Monday, 5 April 2010

The media and the message

A former colleague and I sat down recently and were chatting about the struggles newspapers were having in a digital age. Now, a lot has been written on this topic, but so far a great deal has missed the point (In my admittedly humble opinion).

I frequently quote the following adage 'news is a story someone doesn't want you to hear, anything else is advertising'. By that definition most news is advertising. Most people are simply unaware that their news is written by PR firms and regurgitated by the press.

I should say for the record, I have no idea what the origins of that quote are, in fact I may have made it up to illustrate my point.

Newspapers are increasingly the medium by which the message is transmitted. The messages they produce are comment pieces, usually following the agenda of the paper itsel.f. They pump out material generated by others, rather than reporting news. This isn't true all the time, but surprisingly often it is.

Now, I'm fortunate. Having written a few press releases I know roughly what is and isn't PR material. I reckon I get an 80% hitrate. But most people are aware of the 'falseness' of news, but only subconciously. What I dont think people are aware of is exactly how calculated it is, or how little of what the read is actually news.

With the proliferation of new media news sources traditional sources look increasingly A) expensive B) dull. Why would I read a story about something that happened yesterday on a piece of dead tree and pay for it? I can get my Jordan news for free, thanks.

I could go onto the websites and take a look there, but the websites arent offering me anything which I can't get elsewhere. Personally I stay fairly well tuned in to the Guardian and Telegraph websites, I rather like them, and I can usually find what I'm looking for. Plus I can always find something on one or the other to annoy me when I need a little middle of the day rage based pick me up.

But the old school journos have two things, access and experience. Unfortunately their access is too often granted from collusion and their experience is from rewriting press releases.

The thing I would pay for is news. Actual news. Things which shake society and redefine our relationship with power. Watergate, expenses (yes, it has happened in recent times), the tobacco industry expose on 60 minutes (limited though it was in many ways). I honestly think thats what more people would like to see. Remember the days when Parkinson would ask the same question a dozen times to get an answer? I miss those days.

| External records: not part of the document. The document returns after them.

lemma tiling_least_dvd: "m dvd N"
proof (rule ccontr)
  assume "\<not> m dvd N"
  define r where "r = N mod m"
  have r: "0 < r" "r < m" using \<open>\<not> m dvd N\<close> least(2) r_def by (auto simp: dvd_eq_mod_eq_0)
  have N: "m * (N div m) + r = N" using r_def by simp
  have "m * (N div m) < N" using N r by linarith
  then obtain a b where ab: "a \<in> A" "b \<in> B" "m * (N div m) = a + b"
    using tiling_decomp[OF tiling] by blast
  show False
  proof (cases "a = 0")
    case True
    then have "m + b < N" using tiling_add_less[OF tiling least(1) ab(2)] by simp
    then show False using N ab True r by linarith
  next
    case False
    obtain c where "b = m * c"
      using tiling_least_dvd_fst[OF ab(1)] ab(3) by (metis dvd_add_right_iff dvd_triv_left dvdE)
    then have "m * ((b + r) div m) = b" using r by simp
    moreover have "b + r < N" using N ab r False by linarith
    ultimately have "b + r \<in> B" using tiling_snd_block_iff[of "b + r"] ab(2) by simp
    then have "a + (b + r) < N" using tiling_add_less[OF tiling ab(1)] by simp
    then show False using N ab by linarith
  qed
qed

end

section \<open>Tilings of prime-power intervals\<close>

definition scale :: "nat \<Rightarrow> nat set \<Rightarrow> nat set" where
  "scale p A = (*) p ` A"

definition blow_up :: "nat \<Rightarrow> nat set \<Rightarrow> nat set" where
  "blow_up p B = {p * x + d | x d. x \<in> B \<and> d < p}"

definition refine :: "nat \<Rightarrow> nat set \<times> nat set \<Rightarrow> nat set \<times> nat set" where
  "refine p X = (scale p (fst X), blow_up p (snd X))"

lemma fst_refine [simp]: "fst (refine p X) = scale p (fst X)"
  and snd_refine [simp]: "snd (refine p X) = blow_up p (snd X)"
  unfolding refine_def by simp_all

lemma mult_add_eq_mult_add_iff:
  fixes p :: nat
  assumes "d < p" "e < p"
  shows "p * x + d = p * y + e \<longleftrightarrow> x = y \<and> d = e"
proof
  assume eq: "p * x + d = p * y + e"
  then have "(p * x + d) mod p = (p * y + e) mod p" by simp
  then have "d = e" using assms by simp
  with eq show "x = y \<and> d = e" using assms by simp
qed simp

lemma mult_in_scale_iff: "0 < p \<Longrightarrow> p * x \<in> scale p A \<longleftrightarrow> x \<in> A"
  unfolding scale_def by auto

lemma mult_in_blow_up_iff:
  assumes "0 < p" shows "p * x \<in> blow_up p B \<longleftrightarrow> x \<in> B"
proof
  assume "p * x \<in> blow_up p B"
  then obtain y d where "y \<in> B" "d < p" "p * x = p * y + d" unfolding blow_up_def by auto
  then have "y = x" using mult_add_eq_mult_add_iff[of 0 p d x y] assms by simp
  with \<open>y \<in> B\<close> show "x \<in> B" by simp
next
  assume "x \<in> B" then show "p * x \<in> blow_up p B" unfolding blow_up_def using assms by force
qed

lemma inj_refine: assumes "0 < p" shows "inj (refine p)"
proof (rule injI)
  fix X Y assume "refine p X = refine p Y"
  then have "p * x \<in> scale p (fst X) \<longleftrightarrow> p * x \<in> scale p (fst Y)"
    "p * x \<in> blow_up p (snd X) \<longleftrightarrow> p * x \<in> blow_up p (snd Y)" for x
    unfolding refine_def by simp_all
  then show "X = Y"
    using mult_in_scale_iff[OF assms] mult_in_blow_up_iff[OF assms] by (simp add: prod_eq_iff set_eq_iff)
qed

lemma one_notin_scale:
  assumes "1 < p" shows "1 \<notin> scale p A"
proof
  assume "1 \<in> scale p A"
  then have "p dvd 1" unfolding scale_def by auto
  with assms show False by simp
qed

lemma one_in_blow_up: "1 < p \<Longrightarrow> 0 \<in> B \<Longrightarrow> 1 \<in> blow_up p B"
  unfolding blow_up_def by force

lemma card_scale: "0 < p \<Longrightarrow> card (scale p A) = card A"
  unfolding scale_def by (rule card_image) (auto simp: inj_on_def)

lemma blow_up_eq_image: "blow_up p B = (\<lambda>(x, d). p * x + d) ` (B \<times> {..<p})"
  unfolding blow_up_def by auto

lemma card_blow_up:
  assumes "0 < p" shows "card (blow_up p B) = p * card B"
proof -
  have "inj_on (\<lambda>(x, d). p * x + d) (B \<times> {..<p})"
    using mult_add_eq_mult_add_iff[of _ p] by (auto simp: inj_on_def)
  then show ?thesis by (simp add: blow_up_eq_image card_image card_cartesian_product)
qed

lemma tiling_refine:
  assumes p: "0 < p" and T: "tiling N A B"
  shows "tiling (p * N) (scale p A) (blow_up p B)"
proof (rule tilingI)
  show "finite (scale p A)" "finite (blow_up p B)"
    using tiling_finite[OF T] unfolding scale_def blow_up_eq_image by simp_all
  show "0 \<in> scale p A" "0 \<in> blow_up p B"
    using tiling_zero[OF T] mult_in_scale_iff[OF p, of 0] mult_in_blow_up_iff[OF p, of 0] by simp_all
  show "card (scale p A) * card (blow_up p B) = p * N"
    using tiling_card[OF T] card_scale[OF p] card_blow_up[OF p] by simp
  show "(\<lambda>(a, b). a + b) ` (scale p A \<times> blow_up p B) = {..<p * N}"
  proof (intro set_eqI iffI)
    fix x assume "x \<in> (\<lambda>(a, b). a + b) ` (scale p A \<times> blow_up p B)"
    then obtain a b d where "a \<in> A" "b \<in> B" "d < p" "x = p * a + (p * b + d)"
      unfolding scale_def blow_up_def by auto
    moreover have "Suc (a + b) \<le> N" using tiling_add_less[OF T \<open>a \<in> A\<close> \<open>b \<in> B\<close>] by simp
    then have "p * Suc (a + b) \<le> p * N" by (rule mult_le_mono2)
    ultimately show "x \<in> {..<p * N}" by (simp add: algebra_simps)
  next
    fix x assume "x \<in> {..<p * N}"
    then have "x div p < N" by (simp add: less_mult_imp_div_less mult.commute)
    then obtain a b where ab: "a \<in> A" "b \<in> B" "x div p = a + b" using tiling_decomp[OF T] by blast
    have "x = p * a + (p * b + x mod p)"
      using ab div_mult_mod_eq[of x p] by (simp add: algebra_simps)
    moreover have "p * a \<in> scale p A" "p * b + x mod p \<in> blow_up p B"
      using ab mod_less_divisor[OF p] unfolding scale_def blow_up_def by blast+
    ultimately show "x \<in> (\<lambda>(a, b). a + b) ` (scale p A \<times> blow_up p B)" by force
  qed
qed

lemma tiling_unrefine:
  assumes p: "0 < p" and T: "tiling (p * N) (scale p A) (blow_up p B)"
  shows "tiling N A B"
proof -
  have "finite ((*) p -` blow_up p B)"
    using tiling_finite(2)[OF T] p by (intro finite_vimageI) (auto simp: inj_def)
  moreover have "(*) p -` blow_up p B = B" using mult_in_blow_up_iff[OF p] by auto
  ultimately have fin: "finite A" "finite B"
    using tiling_finite(1)[OF T] finite_imageD[of "(*) p" A] p unfolding scale_def
    by (simp_all add: inj_on_def)
  show ?thesis
  proof (rule tilingI[OF fin])
    show "0 \<in> A" "0 \<in> B"
      using tiling_zero[OF T] mult_in_scale_iff[OF p, of 0] mult_in_blow_up_iff[OF p, of 0] by simp_all
    show "card A * card B = N"
      using tiling_card[OF T] card_scale[OF p] card_blow_up[OF p] p by simp
    show "(\<lambda>(a, b). a + b) ` (A \<times> B) = {..<N}"
    proof (intro set_eqI iffI)
      fix x assume "x \<in> (\<lambda>(a, b). a + b) ` (A \<times> B)"
      then obtain a b where "a \<in> A" "b \<in> B" "x = a + b" by auto
      then have "p * a + p * b < p * N"
        using tiling_add_less[OF T] mult_in_scale_iff[OF p] mult_in_blow_up_iff[OF p] by blast
      then show "x \<in> {..<N}" using \<open>x = a + b\<close> by (simp add: distrib_left[symmetric])
    next
      fix x assume "x \<in> {..<N}"
      then have "p * x < p * N" using p by simp
      then obtain a b d where "a \<in> A" "b \<in> B" "d < p" "p * x = p * a + (p * b + d)"
        using tiling_decomp[OF T] unfolding scale_def blow_up_def by blast
      then have "p * x + 0 = p * (a + b) + d" by (simp add: algebra_simps)
      then have "x = a + b" using mult_add_eq_mult_add_iff[of 0 p d] p \<open>d < p\<close> by blast
      then show "x \<in> (\<lambda>(a, b). a + b) ` (A \<times> B)" using \<open>a \<in> A\<close> \<open>b \<in> B\<close> by force
    qed
  qed
qed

Murdoch and others have to consider carefully what they are offering behind their paywalls. If its the same old thing, well I'll read that somewhere free, as will most people. The Telegraph can replace the Times, and I'll cheerily swap The Mirror or Mail for the Sun.

But if the formidable power of these institutions is to be redirected to true journalism, now that I'd pay for. That would be a truly unique service, one which I can't get from the blogs or any other source.

If the newspapers want to get back on top of the heap when it comes to the news and make money, there are three options:

1) They have to offer a unique product
2) They have to offer the same product as everyone else, but substantially cheaper then the competition
3) They have to provide the product at the same price as their competition, but make it more convenient.

I think what we'll see is a combination of 2 & 3. Option 1 is my idealistic way of confronting the world. Online media is cheap, and there is money to be made from advertising if you can get the volume of people onto the website in the first place.

The Guardian's iPhone app is (as I understand it) profitable, bringing money back into the company. This is unique in the industry (again, this is second hand, but from a source I trust). They've found a convenient way to deliver news and provided it at a price people will pay, so, unsurprisingly they do.

I'm increasingly convinced at least one of the papers will go entirely out of business in the next 2-3 years. Circulation is through the floor and innovation is nearly non existant. Which paper that might be, I dont know, certainly it'll be a broadsheet.

There are so many options for papers to move into the 21st century, so far they've been stubbornly resistant to doing so, but perhaps when they finally start to feel the pinch they'll do it.

Until then, lets all enjoy reading press releases from big companies printed on dead trees.